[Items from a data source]
------------------------------------------------------------------------
(* In the boundary-driven switching system, for every $x\in V=\{1,\dots,N\}$, $$\theta_0(x)=\sum_{\beta\in\{L,R\}}\sum_{j\in\{0,1\}}\hat p\big((x,0),(\beta,j)\big)\,\rho_{\beta,j},\qquad \theta_1(x)=\sum_{\beta\in\{L,R\}}\sum_{j\in\{0,1\}}\hat p\big((x,1),(\beta,j)\big)\,\rho_{\beta,j}.$$
   Context: Boundary-driven switching system: fix $\sigma\in\{-1,0,1\}$, $N\in\mathbb N$, $V=\{1,\dots,N\}$, $\epsilon\in[0,1]$, $\gamma>0$, and reservoir parameters $\rho_{L,0},\rho_{L,1},\rho_{R,0},\rho_{R,1}\ge0$ (in $[0,1]$ if $\sigma=-1$). Configurations are $\eta=(\eta_0(x),\eta_1(x))_{x\in V}$ with values in $\{0,1\}$ if $\sigma=-1$ and in $\mathbb N_0$ if $\sigma\in\{0,1\}$. Writing $\delta_{(x,i)}$ for one particle at site $x$ in layer $i$, the continuous-time Markov chain has transitions: for $x\in\{1,\dots,N-1\}$, $i\in\{0,1\}$, $\eta\to\eta-\delta_{(x,i)}+\delta_{(x+1,i)}$ at rate $\epsilon^i\eta_i(x)(1+\sigma\eta_i(x+1))$ and $\eta\to\eta-\delta_{(x+1,i)}+\delta_{(x,i)}$ at rate $\epsilon^i\eta_i(x+1)(1+\sigma\eta_i(x))$ ($\epsilon^0=1$); for $x\in V$, $\eta\to\eta-\delta_{(x,i)}+\delta_{(x,1-i)}$ at rate $\gamma\eta_i(x)(1+\sigma\eta_{1-i}(x))$; and for $i\in\{0,1\}$, $\eta\to\eta-\delta_{(1,i)}$ at rate $\eta_i(1)(1+\sigma\rho_{L,i})$, $\eta\to\eta+\delta_{(1,i)}$ at rate $\rho_{L,i}(1+\sigma\eta_i(1))$, $\eta\to\eta-\delta_{(N,i)}$ at rate $\eta_i(N)(1+\sigma\rho_{R,i})$, $\eta\to\eta+\delta_{(N,i)}$ at rate $\rho_{R,i}(1+\sigma\eta_i(N))$. This chain has a unique stationary distribution $\mu_{stat}$, and $\theta_i(x):=\mathbb E_{\mu_{stat}}[\eta_i(x)]$ is the stationary microscopic profile. Absorption probabilities: consider the continuous-time Markov chain on $(V\times\{0,1\})\cup\{(L,0),(L,1),(R,0),(R,1)\}$ (the one-particle dual) in which the last four states are absorbing, and from $(x,0)$ it jumps to $(x\pm1,0)$ at rate $1$ each (whenever $x\pm1\in V$), from $(x,1)$ to $(x\pm1,1)$ at rate $\epsilon$ each (whenever $x\pm1\in V$), from $(x,i)$ to $(x,1-i)$ at rate $\gamma$, from $(1,i)$ to $(L,i)$ at rate $1$, and from $(N,i)$ to $(R,i)$ at rate $1$. $\hat p((x,i),(\beta,j))$ denotes the probability that this chain started at $(x,i)$ is eventually absorbed at $(\beta,j)$. *)

theory Defs
  imports "HOL-Probability.Probability_Mass_Function"
begin

datatype side = L | R

text \<open>States of the one-particle dual: In x i is site x in layer i (x in 1..N, i in {0,1});
  Abs b j is the absorbing reservoir state (b,j).\<close>
datatype dstate = In nat nat | Abs side nat

fun drate :: "nat \<Rightarrow> real \<Rightarrow> real \<Rightarrow> dstate \<Rightarrow> dstate \<Rightarrow> real" where
  "drate N eps gam (In x i) t =
     (if t = In (x + 1) i \<and> x + 1 \<le> N then eps ^ i else 0)
   + (if t = In (x - 1) i \<and> 2 \<le> x then eps ^ i else 0)
   + (if t = In x (1 - i) then gam else 0)
   + (if t = Abs L i \<and> x = 1 then 1 else 0)
   + (if t = Abs R i \<and> x = N then 1 else 0)"
| "drate N eps gam (Abs b j) t = 0"

definition dtargets :: "nat \<Rightarrow> nat \<Rightarrow> dstate set" where
  "dtargets x i = {In (x + 1) i, In (x - 1) i, In x (1 - i), Abs L i, Abs R i}"

definition dtot :: "nat \<Rightarrow> real \<Rightarrow> real \<Rightarrow> dstate \<Rightarrow> real" where
  "dtot N eps gam s = (case s of In x i \<Rightarrow> (\<Sum>t\<in>dtargets x i. drate N eps gam s t) | Abs b j \<Rightarrow> 0)"

text \<open>Probability that the dual chain started at s has been absorbed at tgt after at most n jumps
  (computed through its embedded jump chain).\<close>
fun habs :: "nat \<Rightarrow> real \<Rightarrow> real \<Rightarrow> nat \<Rightarrow> dstate \<Rightarrow> dstate \<Rightarrow> real" where
  "habs N eps gam 0 s tgt = (if s = tgt then 1 else 0)"
| "habs N eps gam (Suc n) (Abs b j) tgt = (if Abs b j = tgt then 1 else 0)"
| "habs N eps gam (Suc n) (In x i) tgt =
     (\<Sum>t\<in>dtargets x i. drate N eps gam (In x i) t / dtot N eps gam (In x i) * habs N eps gam n t tgt)"

definition phat :: "nat \<Rightarrow> real \<Rightarrow> real \<Rightarrow> dstate \<Rightarrow> dstate \<Rightarrow> real" where
  "phat N eps gam s tgt = (SUP n. habs N eps gam n s tgt)"

text \<open>A configuration assigns to (x,i) the number of particles at site x in layer i.\<close>
type_synonym config = "nat \<times> nat \<Rightarrow> nat"

definition addp :: "nat \<times> nat \<Rightarrow> config \<Rightarrow> config" where
  "addp p \<eta> = \<eta>(p := \<eta> p + 1)"

definition remp :: "nat \<times> nat \<Rightarrow> config \<Rightarrow> config" where
  "remp p \<eta> = \<eta>(p := \<eta> p - 1)"

definition movep :: "nat \<times> nat \<Rightarrow> nat \<times> nat \<Rightarrow> config \<Rightarrow> config" where
  "movep p q \<eta> = addp q (remp p \<eta>)"

definition statespace :: "int \<Rightarrow> nat \<Rightarrow> config set" where
  "statespace \<sigma> N = {\<eta>. (\<forall>x i. (x \<notin> {1..N} \<or> i \<notin> {0,1}) \<longrightarrow> \<eta> (x, i) = 0)
                         \<and> (\<sigma> = -1 \<longrightarrow> (\<forall>p. \<eta> p \<le> 1))}"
------------------------------------------------------------------------
▶ **Task directions**: Using the data above, extract exactly the lines from the one that holds "Abs b j is the" to the one that holds "1) i, In (x", both ends included, and no others.

▶ **Problem solution**:
  Abs b j is the absorbing reservoir state (b,j).\<close>
datatype dstate = In nat nat | Abs side nat

fun drate :: "nat \<Rightarrow> real \<Rightarrow> real \<Rightarrow> dstate \<Rightarrow> dstate \<Rightarrow> real" where
  "drate N eps gam (In x i) t =
     (if t = In (x + 1) i \<and> x + 1 \<le> N then eps ^ i else 0)
   + (if t = In (x - 1) i \<and> 2 \<le> x then eps ^ i else 0)
   + (if t = In x (1 - i) then gam else 0)
   + (if t = Abs L i \<and> x = 1 then 1 else 0)
   + (if t = Abs R i \<and> x = N then 1 else 0)"
| "drate N eps gam (Abs b j) t = 0"

definition dtargets :: "nat \<Rightarrow> nat \<Rightarrow> dstate set" where
  "dtargets x i = {In (x + 1) i, In (x - 1) i, In x (1 - i), Abs L i, Abs R i}"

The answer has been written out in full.